Все посмотрели на него, как на назойливую муху, и Николай продолжал:

— Мы тут целое гнездо разворошили, когда за мотоциклом приехали. Каких-то ведьм разогнали к чёртовой бабушке, кирпичи раздолбали к ядрене фене — в общем, лучше не спрашивай, а то действительно до утра домой не попадём.

— Ты лучше скажи: ты теперь свободен или как? — спросил нетерпеливо Пётр. — А то, сам знаешь, у нас с тобой общие дела есть.

— Да заткнись ты! — оборвала его Люба. — Вечно со своей выгодой лезешь, как глист в задницу! Дай людям поесть.

— А я настаиваю! — гаркнул возмущённый до глубины души милиционер и ещё раз хлопнул планшетом по столу. — Молчать всем! Обнаглели, мать вашу! Совсем в своей глуши нюх потеряли? Для вас там что, закон не существует? Так я вам напомню, кто на земле русской хозяин! — Он поднялся и ткнул пальцем в Егора. — А может, они преступники? Почему ничего не рассказывают? Мало ли что вы там мне наговорили! Да они…

— Успокойтесь вы, в самом деле! — не выдержал Егор. — Что вы хотите от нас услышать — как мы в погребе прятались? Нас сюда привезли какие-то милиционеры, замуровали в комнате, избив до полусмерти, чтобы потом, как они сказали, вообще убить, а вы вместо того, чтобы ловить настоящих преступников и дать нам спокойно поесть, обвиняете нас непонятно в чем!

— Правильно, Егор, так ему! — подмигнула бабуля, с умилением глядя на него. — Мы тут, можно сказать, всю работу за них сделали, а он ещё и недоволен.

Тут все селяне зашумели разом, и милиционер растерялся.

— Да нет, — пробормотал он, часто моргая глазами, — вы меня не так поняли. Мне просто нужно все факты уточнить. Никто их ни в чем не обвиняет…

— Девчонку в больницу нужно везти, а не в тюрьму! — заявила Люба. — У вас в Москве всегда так с пострадавшими поступают?

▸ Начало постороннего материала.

(* The input stack always holds the not yet pushed elements c, c+1, ..., n, all of them larger
   than everything on the work and output stacks.  So the element c produced by a peak is
   larger than the whole output stack at the moment it is output; since later pops only add
   elements in front of it, c is a right-to-left maximum of the result.
   Conversely, let x be a right-to-left maximum, moved to the output stack by the pop at step t.
   The last push before t is followed by a pop, so in a reduced sequence it is a peak, producing
   some c.  If that pop is step t itself, x = c.  Otherwise x lay below c on the work stack, so
   x < c, while c was output before x and hence follows x in the permutation, contradicting
   maximality. *)

theory Submission
  imports Defs "HOL-Library.Sublist"
begin

abbreviation input_stack :: "state \<Rightarrow> nat list" where
  "input_stack s \<equiv> fst s"

abbreviation work_stack :: "state \<Rightarrow> nat list" where
  "work_stack s \<equiv> fst (snd s)"

abbreviation output_stack :: "state \<Rightarrow> nat list" where
  "output_stack s \<equiv> snd (snd s)"

lemma exec_Nil [simp]: "exec [] s = s"
  by (simp add: exec_def)

lemma exec_Cons [simp]: "exec (x # xs) s = exec xs (step s x)"
  by (simp add: exec_def)

lemma exec_append: "exec (xs @ ys) s = exec ys (exec xs s)"
  by (simp add: exec_def)

lemma suffix_output_exec: "suffix (output_stack s) (output_stack (exec xs s))"
proof (induction xs arbitrary: s)
  case (Cons x xs)
  have "suffix (output_stack s) (output_stack (step s x))"
    by (cases s; cases x) (auto simp: suffix_def)
  with Cons.IH[of "step s x"] show ?case
    by (simp add: suffix_order.trans)
qed simp

lemma work_exec_pops_subset:
  "\<forall>x \<in> set xs. is_pop x \<Longrightarrow> set (work_stack (exec xs s)) \<subseteq> set (work_stack s)"
proof (induction xs arbitrary: s)
  case (Cons x xs)
  then obtain b where "x = Pop b"
    by (auto simp: is_pop_def)
  then have "set (work_stack (step s x)) \<subseteq> set (work_stack s)"
    by (cases s) (auto dest: in_set_dropD)
  moreover have "set (work_stack (exec xs (step s x))) \<subseteq> set (work_stack (step s x))"
    using Cons by simp
  ultimately show ?case
    by simp
qed simp

lemma distinct_drop_take_swap:
  assumes "distinct (xs @ ys @ zs)"
  shows "distinct (xs @ drop n ys @ take n ys @ zs)"
proof -
  have "set (take n ys) \<inter> set (drop n ys) = {}"
    using assms by (metis append_take_drop_id distinct_append)
  with assms show ?thesis
    by (auto simp: distinct_append dest: in_set_takeD in_set_dropD)
qed

lemma exec_init_state_invariant:
  assumes "exec xs (init_state N) = (inp, wrk, out)"
  shows "inp = [Suc (total_push xs)..<Suc N] \<and> (\<forall>z \<in> set wrk \<union> set out. z \<le> total_push xs)
    \<and> distinct (inp @ wrk @ out)"
  using assms
proof (induction xs arbitrary: inp wrk out rule: rev_induct)
  case Nil
  then show ?case
    by (auto simp: init_state_def total_push_def)
next
  case (snoc x xs)
  obtain inp0 wrk0 out0 where s0: "exec xs (init_state N) = (inp0, wrk0, out0)"
    by (cases "exec xs (init_state N)")
  let ?p = "total_push xs"
  have inp0: "inp0 = [Suc ?p..<Suc N]"
    and le0: "\<forall>z \<in> set wrk0 \<union> set out0. z \<le> ?p"
    and dist0: "distinct (inp0 @ wrk0 @ out0)"
    using snoc.IH[OF s0] by blast+
  show ?case
  proof (cases x)
    case (Push a)
    have st: "inp = drop a inp0" "wrk = take a inp0 @ wrk0" "out = out0"
      using snoc.prems s0 Push by (simp_all add: exec_append)
    have "z \<le> ?p + a" if "z \<in> set (take a inp0)" for z
      using that inp0 by (auto simp: in_set_conv_nth simp del: upt_Suc)
    then have "\<forall>z \<in> set wrk \<union> set out. z \<le> ?p + a"
      using st le0 by force
    moreover have "inp = [Suc (?p + a)..<Suc N]"
      using st inp0 by (simp add: drop_upt del: upt_Suc)
    moreover have "distinct (inp @ wrk @ out)"
      using distinct_drop_take_swap[of "[]" inp0 "wrk0 @ out0" a] dist0 st by simp
    moreover have "total_push (xs @ [x]) = ?p + a"
      by (simp add: total_push_def Push)
    ultimately show ?thesis
      by simp
  next
    case (Pop b)
    have st: "inp = inp0" "wrk = drop b wrk0" "out = take b wrk0 @ out0"
      using snoc.prems s0 Pop by (simp_all add: exec_append)
    then have "\<forall>z \<in> set wrk \<union> set out. z \<le> ?p"
      using le0 by (auto dest: in_set_takeD in_set_dropD)
    moreover have "distinct (inp @ wrk @ out)"
      using distinct_drop_take_swap[of inp0 wrk0 out0 b] dist0 st by simp
    moreover have "total_push (xs @ [x]) = ?p"
      by (simp add: total_push_def Pop)
    ultimately show ?thesis
      using st inp0 by simp
  qed
qed

lemma is_pop_iff_not_push: "is_pop x \<longleftrightarrow> \<not> is_push x"
  by (cases x) (auto simp: is_push_def is_pop_def)

lemma total_push_take_le: "total_push (take i al) \<le> op_size al"
proof -
  have "op_size al = total_push (take i al) + total_push (drop i al)"
    by (metis append_take_drop_id op_size_def sum_list_append map_append total_push_def)
  then show ?thesis
    by simp
qed

definition state_at :: "op list \<Rightarrow> nat \<Rightarrow> state" where
  "state_at al i = exec (take i al) (init_state (op_size al))"

lemma state_at_0: "state_at al 0 = ([1..<Suc (op_size al)], [], [])"
  by (simp add: state_at_def init_state_def)

lemma state_at_Suc: "i < length al \<Longrightarrow> state_at al (Suc i) = step (state_at al i) (al ! i)"
  by (simp add: state_at_def take_Suc_conv_app_nth exec_append)

lemma state_at_add: "state_at al (s + d) = exec (take d (drop s al)) (state_at al s)"
  by (simp add: state_at_def take_add exec_append)

lemma produced_state_at: "produced al = output_stack (state_at al (length al))"
  by (simp add: state_at_def produced_def)

lemma state_at_invariant:
  assumes "state_at al i = (inp, wrk, out)"
  shows "inp = [Suc (total_push (take i al))..<Suc (op_size al)]
    \<and> (\<forall>z \<in> set wrk \<union> set out. z \<le> total_push (take i al)) \<and> distinct (inp @ wrk @ out)"
  using exec_init_state_invariant assms unfolding state_at_def by blast

lemma distinct_produced: "distinct (produced al)"
  using state_at_invariant[of al "length al"]
  by (cases "state_at al (length al)") (auto simp: produced_state_at)

lemma suffix_output_state_at:
  assumes "s \<le> t"
  shows "suffix (output_stack (state_at al s)) (output_stack (state_at al t))"
proof -
  obtain d where "t = s + d"
    using assms le_Suc_ex by blast
  then show ?thesis
    by (simp add: state_at_add suffix_output_exec)
qed

lemma work_state_at_pops_subset:
  assumes "s \<le> t" and "t \<le> length al" and "\<forall>k. s \<le> k \<and> k < t \<longrightarrow> is_pop (al ! k)"
  shows "set (work_stack (state_at al t)) \<subseteq> set (work_stack (state_at al s))"
proof -
  obtain d where t: "t = s + d"
    using assms(1) le_Suc_ex by blast
  have "\<forall>x \<in> set (take d (drop s al)). is_pop x"
    using assms t by (auto simp: in_set_conv_nth)
  then show ?thesis
    by (simp add: t state_at_add work_exec_pops_subset)
qed

definition peak :: "op list \<Rightarrow> nat \<Rightarrow> bool" where
  "peak al i \<longleftrightarrow> Suc i < length al \<and> al ! i = Push 1 \<and> al ! Suc i = Pop 1"

lemma peak_elements_state_at:
  "peak_elements al = {hd (input_stack (state_at al i)) | i. peak al i}"
  by (simp add: peak_elements_def peak_def state_at_def)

— Во-во, — поддержал Петро, — я говорил: в эту Москву лучше не соваться. Тут сам черт ногу сломит! Ты вот, майор, сам откуда?

— А что я? — удивился тот и покраснел. — Я из-под Луховиц.

— О, так земляк почти! — обрадовался Николай. — Считай, наш человек! Так что ж ты голову морочишь? Садись и не мешай нам разговаривать, мы тут, можно сказать, мировые проблемы решаем.

— То-то я смотрю, физиономия у тебя наша, деревенская, — сказала бабуля, внимательно разглядывая ещё совсем молодого майора. — Небось скучаешь здесь по дому-то?

— Езжу иногда на выходные, — начал оправдываться тот, не зная, куда девать глаза, — но времени не хватает, «чрезвычайки» уже замучили. Что ни месяц — то усиление режима объявляют, а нам — паши безвылазно.

— Ты там скажи своим-то, что никого здесь не видел, я имею в виду этих двоих, — Николай кивнул на Егора со Светланой. — Чего их впутывать9 И так, вишь, еле живые сидят, а тут ещё твои гаврики накинутся с допросами да повестками — совсем коньки отбросят.

— Но как же я могу-то? — майор округлил глаза.

— А кто, кроме тебя, знает, что они тут были? — Петро хитро прищурился. — Вот и я говорю — никто. Мы их не видели и не знаем, ты нас задержал, чтобы заявления свои получить, мы написали, все путём, и спокойненько разбежались по домам. Вот и вся недолга! — закончил он довольно.

— Ты лучше скажи, какая тебе самому в том радость, чтобы невинных по допросам гонять? — мудро спросила бабка Наталья. — По мне, так одни неприятности.

— Это, конечно, правильно, — задумался майор, почесав в затылке. — Только вы уж сами не проболтайтесь. Езжайте в свою деревню и сидите там, а то мне выговор влепят.

— Вот это другой разговор! — Николай хлопнул своей тяжёлой рукой майора по плечу. — Деревенские друг друга завсегда поймут.

— Что ж такое творится-то? — с горечью проговорил Егор. — Три дня ни от кого ничего добиться не могу. Вы расскажете или нет, что здесь случилось, или тоже моей смерти хотите? — Он посмотрел на Светлану, но та сидела в прострации, ни на что не обращая внимания.